Вдруг раздался гулкий бой часов: они пробили двенадцать раз. Коконнас открыл воспаленные глаза; его жгучее дыхание обжигало сухие губы; неутолимая жажда томила пышущее жаром горло; ночничок светился, как обычно, и в тусклом его мерцании множество призраков танцевало перед блуждающим взором Коконнаса.
И вот он видит нечто страшное: Ла Моль встает с постели, делает круга два по комнате, как кружит ястреб над замершей птицей, и, показывая кулак, направляется к нему. Коконнас сунул руку под подушку, схватил кинжал и приготовился выпустить кишки своему врагу.
Ла Моль подходил все ближе.
— А-а! Это ты, опять ты, снова ты! – бормотал Коконнас. – Или, иди! Ты мне грозишь, ты показываешь мне кулак, ты улыбаешься! Иди, иди! Ага! Ты крадешься потихоньку, шаг за шагом! Иди, иди, я тебя зарежу!
В ту минуту, когда Ла Моль наклонился над его постелью, Коконнас на самом деле перешел от глухой угрозы к действию: из-под одеяла молнией сверкнул клинок, но усилие, которое он сделал, чтобы приподняться, отняло у пьемонтца последние силы: рука, протянутая к Ла Молю, остановилась на полпути, кинжал выскользнул из ослабевших пальцев, а умирающий рухнул на подушку.
— Ну, ну, – шептал Ла Моль, осторожно приподнимая ему голову и поднося чашку к его губам, – пейте, мой бедный товарищ, а то вы весь горите.
Кулак, которым Ла Моль грозил Коконнасу и который так тяжело подействовал на больной мозг раненого, на самом деле оказался чашкой, которую Ла Моль поднес к губам пьемонтца.
Но как только благодетельная жидкость смочила его губы и освежила грудь, к раненому вернулся разум или, вернее, инстинкт:, Коконнас почувствовал во всем теле неизъяснимое блаженство, какого он не испытывал еще ни разу; открыв глаза, он осмысленно посмотрел на Ла Моля, который с улыбкой поддерживал его рукою, и из глаз пьемонтца, только что горевших мрачной яростью, скатилась на пылающую щеку едва заметная, мгновенно высохшая слезинка.
— Черт побери! – прошептал он, откидываясь на подушку. – Если я выкручусь, господин де Ла Моль, вы станете моим другом.

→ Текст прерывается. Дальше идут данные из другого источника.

lemma supported_on_lift: "supported_on N (set xs) (lift D)"
  unfolding supported_on_def
proof (intro conjI allI impI)
  fix i j :: nat
  assume ij: "i < 2 ^ N" "j < 2 ^ N" and "\<exists>q<N. q \<notin> set xs \<and> bit i q \<noteq> bit j q"
  then obtain q where "q < N" "q \<notin> set xs" "bit i q \<noteq> bit j q"
    by blast
  moreover from this obtain k where "k < length ys" "ys ! k = q"
    using cover by (metis UnE in_set_conv_nth lessThan_iff)
  ultimately have "bit (extract_bits ys i) k \<noteq> bit (extract_bits ys j) k"
    by (simp add: bit_extract_bits)
  then show "lift D $$ (i, j) = 0"
    using ij by (auto simp: lift_def)
next
  fix i j i' j' :: nat
  assume "i < 2 ^ N" "j < 2 ^ N" "i' < 2 ^ N" "j' < 2 ^ N"
    and "\<forall>q<N. q \<notin> set xs \<longrightarrow> bit i q = bit j q"
    and "\<forall>q<N. q \<notin> set xs \<longrightarrow> bit i' q = bit j' q"
    and "\<forall>q\<in>set xs. bit i q = bit i' q \<and> bit j q = bit j' q"
  moreover have "q < N \<and> q \<notin> set xs" if "q \<in> set ys" for q
    using that cover disjoint by auto
  ultimately have "extract_bits ys i = extract_bits ys j" "extract_bits ys i' = extract_bits ys j'"
    "extract_bits xs i = extract_bits xs i'" "extract_bits xs j = extract_bits xs j'"
    by (auto intro!: extract_bits_cong)
  then show "lift D $$ (i, j) = lift D $$ (i', j')"
    using \<open>i < 2 ^ N\<close> \<open>j < 2 ^ N\<close> \<open>i' < 2 ^ N\<close> \<open>j' < 2 ^ N\<close> by (simp add: lift_def)
qed (simp add: lift_def)

lemma opnorm_le1_lift:
  assumes D: "(\<Sum>r<2 ^ length xs. \<Sum>r'<2 ^ length xs. (cmod (D r r'))\<^sup>2) = 1"
  shows "opnorm_le1 (lift D)"
  unfolding opnorm_le1_def
proof (intro allI impI)
  fix w :: "complex vec"
  assume "dim_vec w = dim_col (lift D)"
  then have w: "dim_vec w = 2 ^ N"
    by (simp add: lift_def)
  let ?R = "2 ^ length xs" and ?S = "2 ^ length ys"
  have "(\<Sum>i<dim_vec (lift D *\<^sub>v w). (cmod ((lift D *\<^sub>v w) $ i))\<^sup>2)
      = (\<Sum>r<?R. \<Sum>s<?S. (cmod ((lift D *\<^sub>v w) $ join r s))\<^sup>2)"
  proof -
    have "dim_vec (lift D *\<^sub>v w) = 2 ^ N"
      by (simp add: lift_def)
    then show ?thesis
      by (simp only: sum_join)
  qed
  also have "\<dots> = (\<Sum>r<?R. \<Sum>s<?S. (cmod (\<Sum>r'<?R. D r r' * w $ join r' s))\<^sup>2)"
    by (simp add: lift_mult_vec_join[OF w])
  also have "\<dots> \<le> (\<Sum>r<?R. \<Sum>s<?S. (\<Sum>r'<?R. (cmod (D r r'))\<^sup>2) * (\<Sum>r'<?R. (cmod (w $ join r' s))\<^sup>2))"
    by (intro sum_mono cmod_sum_mult_sq_le)
  also have "\<dots> = (\<Sum>r'<?R. \<Sum>s<?S. (cmod (w $ join r' s))\<^sup>2)"
    by (simp add: sum_product[symmetric] D sum.swap[of _ "{..<?S}"])
  also have "\<dots> = (\<Sum>i<dim_vec w. (cmod (w $ i))\<^sup>2)"
    by (simp add: w sum_join)
  finally show "cvnorm (lift D *\<^sub>v w) \<le> cvnorm w"
    unfolding cvnorm_def by (rule real_sqrt_le_mono)
qed

lemma cinner_lift:
  assumes "dim_vec \<psi> = 2 ^ N"
  shows "cinner \<psi> (lift D *\<^sub>v \<psi>) = (\<Sum>r<2 ^ length xs. \<Sum>r'<2 ^ length xs. D r r' * reduced \<psi> $$ (r', r))"
proof -
  have "cinner \<psi> (lift D *\<^sub>v \<psi>)
      = (\<Sum>r<2 ^ length xs. \<Sum>s<2 ^ length ys. cnj (\<psi> $ join r s) * (lift D *\<^sub>v \<psi>) $ join r s)"
    unfolding cinner_def assms by (rule sum_join)
  also have "\<dots> = (\<Sum>r<2 ^ length xs. \<Sum>s<2 ^ length ys. \<Sum>r'<2 ^ length xs.
      D r r' * (\<psi> $ join r' s * cnj (\<psi> $ join r s)))"
    by (simp add: lift_mult_vec_join[OF assms] sum_distrib_left mult_ac)
  also have "\<dots> = (\<Sum>r<2 ^ length xs. \<Sum>r'<2 ^ length xs. D r r' * reduced \<psi> $$ (r', r))"
    by (simp add: reduced_def sum_distrib_left sum.swap[of _ "{..<2 ^ length ys}"])
  finally show ?thesis .
qed

end

lemma cmod_add_of_real_sq: "(cmod (z + complex_of_real a))\<^sup>2 = (cmod z)\<^sup>2 + 2 * a * Re z + a\<^sup>2"
  unfolding cmod_power2 by (simp add: power2_eq_square algebra_simps)

lemma sum_cmod_sq_eq_traceless_part:
  fixes X :: "nat \<Rightarrow> nat \<Rightarrow> complex"
  assumes R: "R > 0" and tr: "(\<Sum>r<R. X r r) = 1"
  shows "(\<Sum>r<R. \<Sum>r'<R. (cmod (X r r'))\<^sup>2)
    = (\<Sum>r<R. \<Sum>r'<R. (cmod (X r r' - (if r = r' then complex_of_real (1 / R) else 0)))\<^sup>2)
      + 1 / R"
proof -
  define \<Delta> where "\<Delta> r r' = X r r' - (if r = r' then complex_of_real (1 / R) else 0)" for r r'
  have "(cmod (X r r'))\<^sup>2
      = (cmod (\<Delta> r r'))\<^sup>2 + (if r = r' then 2 * (1 / R) * Re (\<Delta> r r) + (1 / R)\<^sup>2 else 0)"
    for r r'
    using cmod_add_of_real_sq[of "\<Delta> r r" "1 / R"] by (auto simp: \<Delta>_def)
  then have "(\<Sum>r<R. \<Sum>r'<R. (cmod (X r r'))\<^sup>2)
      = (\<Sum>r<R. \<Sum>r'<R. (cmod (\<Delta> r r'))\<^sup>2) + (\<Sum>r<R. 2 * (1 / R) * Re (\<Delta> r r) + (1 / R)\<^sup>2)"
    by (simp add: sum.distrib)
  also have "(\<Sum>r<R. 2 * (1 / R) * Re (\<Delta> r r) + (1 / R)\<^sup>2)
      = 2 * (1 / R) * Re (\<Sum>r<R. \<Delta> r r) + R * (1 / R)\<^sup>2"
    by (simp add: sum.distrib sum_distrib_left)
  also have "(\<Sum>r<R. \<Delta> r r) = 0"
    using tr R by (simp add: \<Delta>_def sum_subtractf)
  finally show ?thesis
    using R by (simp add: \<Delta>_def power2_eq_square)
qed

context qubit_partition
begin

text \<open>ETH is tested against the lift of the traceless part of the reduced state, normalised in
  Frobenius norm.\<close>

lemma traceless_reduced_le:
  fixes R :: nat and \<Delta> :: "nat \<Rightarrow> nat \<Rightarrow> complex"
  assumes dim: "dim_vec \<psi> = 2 ^ N" and norm: "cvnorm \<psi> = 1"
    and eth: "\<And>X. supported_on N (set xs) X \<Longrightarrow> opnorm_le1 X \<Longrightarrow>
      cmod (cinner \<psi> (X *\<^sub>v \<psi>) - mtrace X / 2 ^ N) \<le> \<epsilon>"
  defines "R \<equiv> 2 ^ length xs"
  defines "\<Delta> \<equiv> \<lambda>r r'. reduced \<psi> $$ (r, r') - (if r = r' then complex_of_real (1 / R) else 0)"
  shows "(\<Sum>r<R. \<Sum>r'<R. (cmod (\<Delta> r r'))\<^sup>2) \<le> \<epsilon>\<^sup>2"
proof -
  define F where "F = (\<Sum>r<R. \<Sum>r'<R. (cmod (\<Delta> r r'))\<^sup>2)"
  have "(\<Sum>r<R. reduced \<psi> $$ (r, r)) = mtrace (reduced \<psi>)"
    by (simp add: mtrace_def reduced_def R_def)
  also have "\<dots> = 1"
    using norm dim by (simp add: mtrace_reduced cvnorm_def)
  finally have trace_\<Delta>: "(\<Sum>r<R. \<Delta> r r) = 0"
    by (simp add: \<Delta>_def R_def sum_subtractf)
  have herm: "reduced \<psi> $$ (r', r) = cnj (\<Delta> r r') + (if r = r' then complex_of_real (1 / R) else 0)"
    if "r < R" "r' < R" for r r'
    using that by (simp add: \<Delta>_def reduced_def R_def mult.commute)
  show ?thesis
  proof (cases "F = 0")
    case False
    then have F: "F > 0"
      unfolding F_def by (simp add: order_less_le sum_nonneg)
    define D where "D r r' = \<Delta> r r' / sqrt F" for r r'
    have "(\<Sum>r<R. \<Sum>r'<R. (cmod (D r r'))\<^sup>2) = F / F"
      using F by (simp add: D_def F_def norm_divide power_divide flip: sum_divide_distrib)
    then have "opnorm_le1 (lift D)"
      using F by (intro opnorm_le1_lift) (simp add: R_def)
    then have "cmod (cinner \<psi> (lift D *\<^sub>v \<psi>) - mtrace (lift D) / 2 ^ N) \<le> \<epsilon>"
      by (intro eth supported_on_lift)
    moreover have "mtrace (lift D) = 0"
      using trace_\<Delta> by (simp add: mtrace_lift D_def R_def flip: sum_divide_distrib)
    moreover have "cinner \<psi> (lift D *\<^sub>v \<psi>)
        = (\<Sum>r<R. \<Sum>r'<R. D r r' * cnj (\<Delta> r r') + (if r = r' then D r r / R else 0))"
      unfolding cinner_lift[OF dim] R_def[symmetric]
      by (intro sum.cong refl) (auto simp: herm distrib_left)
    moreover have "complex_of_real F = (\<Sum>r<R. \<Sum>r'<R. \<Delta> r r' * cnj (\<Delta> r r'))"
      unfolding F_def of_real_sum complex_norm_square ..
    then have "(\<Sum>r<R. \<Sum>r'<R. D r r' * cnj (\<Delta> r r') + (if r = r' then D r r / R else 0))
        = F / sqrt F + (\<Sum>r<R. \<Delta> r r) / (sqrt F * R)"
      by (simp add: D_def sum.distrib flip: sum_divide_distrib)
    moreover have "F / sqrt F = sqrt F"
      using F by (simp add: real_div_sqrt)
    ultimately have "sqrt F \<le> \<epsilon>"
      using trace_\<Delta> by simp
    then show ?thesis
      using F unfolding F_def[symmetric]
      by (metis real_sqrt_ge_zero real_sqrt_pow2_iff order_less_imp_le power_mono)
  qed (simp add: F_def)
qed

lemma purity_reduced_le:
  assumes "dim_vec \<psi> = 2 ^ N" and "cvnorm \<psi> = 1"
    and "\<And>X. supported_on N (set xs) X \<Longrightarrow> opnorm_le1 X \<Longrightarrow>
      cmod (cinner \<psi> (X *\<^sub>v \<psi>) - mtrace X / 2 ^ N) \<le> \<epsilon>"
  shows "purity (reduced \<psi>) \<le> 1 / 2 ^ length xs + \<epsilon>\<^sup>2"
proof -
  have "(\<Sum>r<2 ^ length xs. reduced \<psi> $$ (r, r)) = 1"
    using assms(1,2) mtrace_reduced[of \<psi>] by (simp add: mtrace_def reduced_def cvnorm_def)
  then show ?thesis
    using sum_cmod_sq_eq_traceless_part[of "2 ^ length xs" "\<lambda>r r'. reduced \<psi> $$ (r, r')"]
      traceless_reduced_le[OF assms]
    by (simp add: purity_def reduced_def)
qed

end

— Выкрутитесь, товарищ, – ответил Ла Моль, – если согласитесь выпить еще две таких чашки и не видеть больше гадких снов.
Час спустя Ла Моль, превратившийся в сиделку и в точности выполнявший предписания неизвестного врача, вторично встал с постели, налил в чашку вторую дозу питья и поднес ее Коконнасу. Пьемонтец, который на этот раз уже не поджидал его с кинжалом в руке, а встретил с распростертыми объятиями, охотно выпил снадобье и после этого впервые заснул спокойным сном.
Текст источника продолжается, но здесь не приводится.